Robin and I slept in at the Tazewell Hotel in Norfolk. We both had a good rest. Since this hotel does not do breakfast, we went to a cafe four blocks away but it was closed on Tuesdays. We asked someone on the street who said walk down to St Paul Street and you will find the best place to eat. We walked and found the Brick House Cafe at the Crown Center annd I had the best breakfast of the whole trip. I had Silver Dollar Pancakes both bacon and sausage and orange juice and was it all good. I felt like a new man. After breakfast, we walked over the Norfolk City Hall and took the elevator up 11 floors to get Norfolk Municipal Pins for Elizabeth. After that I walked back to the Tide Light Rail Civic Center Station and picked our day passes to ride the Tide. We took the Tide one stop back to MacArthur Square Station and walked back to the hotel to pick up my camera.

. Tide Light Rail Background

The Tide is a 7.4 mi light rail line in Norfolk, Virginia, connecting Eastern Virginia Medical School, Downtown Norfolk, Norfolk State University, and Newtown Road.

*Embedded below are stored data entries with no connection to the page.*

text \<open>The values of \<open>excess 0\<close> at the uncovered East steps of \<open>[0, N)\<close> are distinct and lie in a
  window of length \<open>- total_excess\<close>.\<close>

lemma card_uncovered_le: "int (card {h\<in>{0..<N}. east h \<and> \<not> covered h}) \<le> max 0 (- total_excess)"
proof (cases "{h\<in>{0..<N}. east h \<and> \<not> covered h} = {}")
  case True
  then show ?thesis unfolding True by simp
next
  case False
  define U where "U = {h\<in>{0..<N}. east h \<and> \<not> covered h}"
  have fin: "finite U" unfolding U_def by (rule finite_subset[of _ "{0..<N}"]) auto
  define h1 where "h1 = Min U"
  have h1: "h1 \<in> U" unfolding h1_def using fin False U_def by (intro Min_in) auto
  have h1_le: "\<And>h. h \<in> U \<Longrightarrow> h1 \<le> h" unfolding h1_def using fin by simp
  have total: "total_excess \<le> -1"
    using excess_drop_at_uncovered[of h1 "h1 + N"] h1 N_pos east_periodic excess_period[of h1]
    unfolding U_def by simp
  let ?Q = "\<lambda>h. excess 0 h"
  have inj: "inj_on ?Q U"
  proof (rule inj_onI)
    fix h h' assume a: "h \<in> U" "h' \<in> U" "?Q h = ?Q h'"
    show "h = h'"
    proof (rule ccontr)
      assume "h \<noteq> h'"
      then consider "h < h'" | "h' < h" by linarith
      then show False
        using uncovered_excess_gap(1)[of h h'] uncovered_excess_gap(1)[of h' h] a
        unfolding U_def by cases auto
    qed
  qed
  have "?Q ` U \<subseteq> {?Q h1 + total_excess + 1 .. ?Q h1}"
  proof
    fix y assume "y \<in> ?Q ` U"
    then obtain h where h: "h \<in> U" "y = ?Q h" by blast
    show "y \<in> {?Q h1 + total_excess + 1 .. ?Q h1}"
    proof (cases "h = h1")
      case False
      then have "h1 < h" using h1_le[OF h(1)] by simp
      then show ?thesis using uncovered_excess_gap[of h1 h] h h1 unfolding U_def by auto
    qed (use h total in simp)
  qed
  then have "card U \<le> card {?Q h1 + total_excess + 1 .. ?Q h1}"
    by (rule card_inj_on_le[OF inj]) simp
  then have "card U \<le> nat (- total_excess)" by simp
  then show ?thesis unfolding U_def using total by linarith
qed
(* Let $(\chi,u)$ be a rooted chirotope and let $m$ be the minimal degree of $v$ in a weak triangulation of $(\chi,u)$. Then a weak triangulation $\Delta$ of $(\chi,u)$ is the extension of a triangulation of $\chi$ if and only if $v$ has degree $m$ in $\Delta$.
   Context: A chirotope on a finite set $E$ is a map $\chi$ from ordered triples of distinct elements to $\{-1,1\}$ satisfying alternating symmetry, interiority and transitivity axioms. A rooted chirotope $(\chi,u)$ is a chirotope $\chi$ on $X\cup\{u\}$ with $u$ an extreme element (there is $y\neq u$ with $\chi(u,y,z)$ constant over all other $z$). A segment is a pair of distinct elements; two segments sharing an endpoint never cross, and segments $xy$, $zt$ with four distinct endpoints cross iff $\chi(x,y,z)=-\chi(x,y,t)$ and $\chi(z,t,x)=-\chi(z,t,y)$. A triangulation of $\chi$ is an inclusion-maximal set of pairwise non-crossing segments. Add a new element $v$ and set $\chi(x,y,v)=-\chi(x,y,u)$ for $x,y\in X$ ($\chi(x,u,v)$ stays undefined). For segments with endpoints in $X\cup\{u,v\}$ other than $uv$, crossing is defined by the same rule, where a segment containing $u$ and a segment containing $v$ are never crossing (so only defined values are used). A weak triangulation of $(\chi,u)$ is a maximal non-crossing collection of segments with endpoints in $X\cup\{u,v\}$ not containing the segment $uv$. Every triangulation $\Delta$ of $\chi$ extends uniquely to a weak triangulation, its extension, obtained by adding all segments $vx$ ($x\in X$) crossing no segment of $\Delta$. The degree of a vertex in $\Delta$ is the number of segments of $\Delta$ incident to it. *)

theory Defs
  imports Main
begin
text \<open>The two queries differ exactly in message \<open>k\<close>, so the pads cancel in the difference of the
  answers.\<close>

lemma nth_A_second_server:
  assumes "k < 3" and "l < length (R \<omega>)"
  shows "A 1 k \<omega> ! l = A 0 k \<omega> ! l + (if bit (F \<omega>) k then - W \<omega> k l else W \<omega> k l)"
  using assms by (simp add: nth_A mask_query_def mask_sum_toggle)

lemma answers_determine_message:
  assumes "k < 3"
  shows "determines \<Omega> (\<lambda>\<omega>. (F \<omega>, answers 2 mask_query (\<lambda>_. padded_answer) k \<omega>)) (\<lambda>\<omega>. W \<omega> k)"
proof (rule determinesI)
  fix \<omega> \<omega>' assume \<omega>: "\<omega> \<in> set_pmf \<Omega>" "\<omega>' \<in> set_pmf \<Omega>"
    and "(F \<omega>, answers 2 mask_query (\<lambda>_. padded_answer) k \<omega>)
       = (F \<omega>', answers 2 mask_query (\<lambda>_. padded_answer) k \<omega>')"
  then have F: "F \<omega> = F \<omega>'" and A: "A 0 k \<omega> = A 0 k \<omega>'" "A 1 k \<omega> = A 1 k \<omega>'"
    by (simp_all add: answers_two)
  show "W \<omega> k = W \<omega>' k"
  proof (rule PiE_ext[OF msgs_component msgs_component])
    show "W \<omega> \<in> msgs 3 L" "W \<omega>' \<in> msgs 3 L" using support_\<Omega>(1) \<omega> by blast+
    fix l assume "l \<in> {..<L}"
    then have "l < length (R \<omega>)" and "l < length (R \<omega>')" using support_\<Omega>(3) \<omega> by auto
    then show "W \<omega> k l = W \<omega>' k l"
      using nth_A_second_server[OF assms, of l \<omega>] nth_A_second_server[OF assms, of l \<omega>'] A F
      by (auto split: if_splits)
  qed (use assms in simp)+
qed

Service began on August 19, 2011, the first light rail system in Virginia. The Tide is operated by Hampton Roads Transit (HRT). Fares match local bus fares and the line accepts HRT's GO Passes.

History The Tide's current route

In November 1999, the City of Virginia Beach conducted a referendum regarding the construction and operation of light rail into Virginia Beach along the Norfolk Southern railroad right-of-way. The proposed route would connect downtown Norfolk to the Virginia Beach oceanfront. The referendum led to a community discussion of the proposed light rail and feeder bus system. Local media and many special interest groups debated the matter in great detail, using information provided by a DEIS (Draft Environmental impact statement). The voters of Virginia Beach rejected the proposed light rail system. The Virginia Beach City Council then passed a 10-year resolution declaring that the city would no longer have any future involvement in the proposed light rail line. Years later, a major economic and development hub has been built along the Norfolk Southern rail corridor, known as the Virginia Beach Town Center. The new Town Center, along with record high gas prices in 2008, has now made many Virginia Beach residents that opposed the rail line have second thoughts on the plan. A renewed public interest in light rail has been stirred up as some that were opposed to rail see the viewpoint of proponents. A new referendum on light rail will not necessarily be needed in Virginia Beach due to the 10-year expiration of the previous referendum.

Since then, the City of Virginia Beach agreed to purchase the portion of the former Norfolk Southern Railway right-of-way within Virginia Beach from Norfolk Southern. This line extends from the Norfolk/Virginia Beach boundary (near the end of the light rail line in Norfolk), continuing almost due east through the Pembroke Town Center area to Birdneck Road, ending very near the waterfront area of the resort city. However, no firm plans (e.g. for LRT, Bus Rapid Transit, or other uses) have been announced for the purchased right-of-way.

After Virginia Beach pulled out of a proposal that would have seen the construction of a light rail line connecting downtown Norfolk with the Virginia Beach oceanfront in 1999, Norfolk began developing a network that would be constructed entirely within its city limits.

Beginning in 2000, HRT and federal transit officials worked to create a plan that would attract federal funding. On September 22, 2006, the Federal Transit Administration announced that the proposal met federal criteria for design, and would receive funding for a final design. On October 1, 2007, the FTA signed the agreement to appropriate $128 million for the construction of the network. The remainder of the project will be divided three ways, with the city of Norfolk contributing $33 million, the Commonwealth of Virginia contributing $31.9 million, and $39.2 million being contributed from other federal sources.

Officials announced in June 2007 that the system would be called The Tide, a name that beat out other proposed names, including Bay Runner, First Rail, Dash, Bay Breeze, Sail and Shore Line.

The trains generally run every 15 minutes; they run every 10 minutes during peak periods and every 30 minutes during early weekend mornings and late evenings. Service will be from 6:00 a.m. through 10 p.m Monday-Thursday, 6:00 a.m. through midnight on Friday-Saturday, 7:00 a.m. through 9:00 p.m. on Sundays, and 9:00 a.m. through 9:00 p.m. on Holidays.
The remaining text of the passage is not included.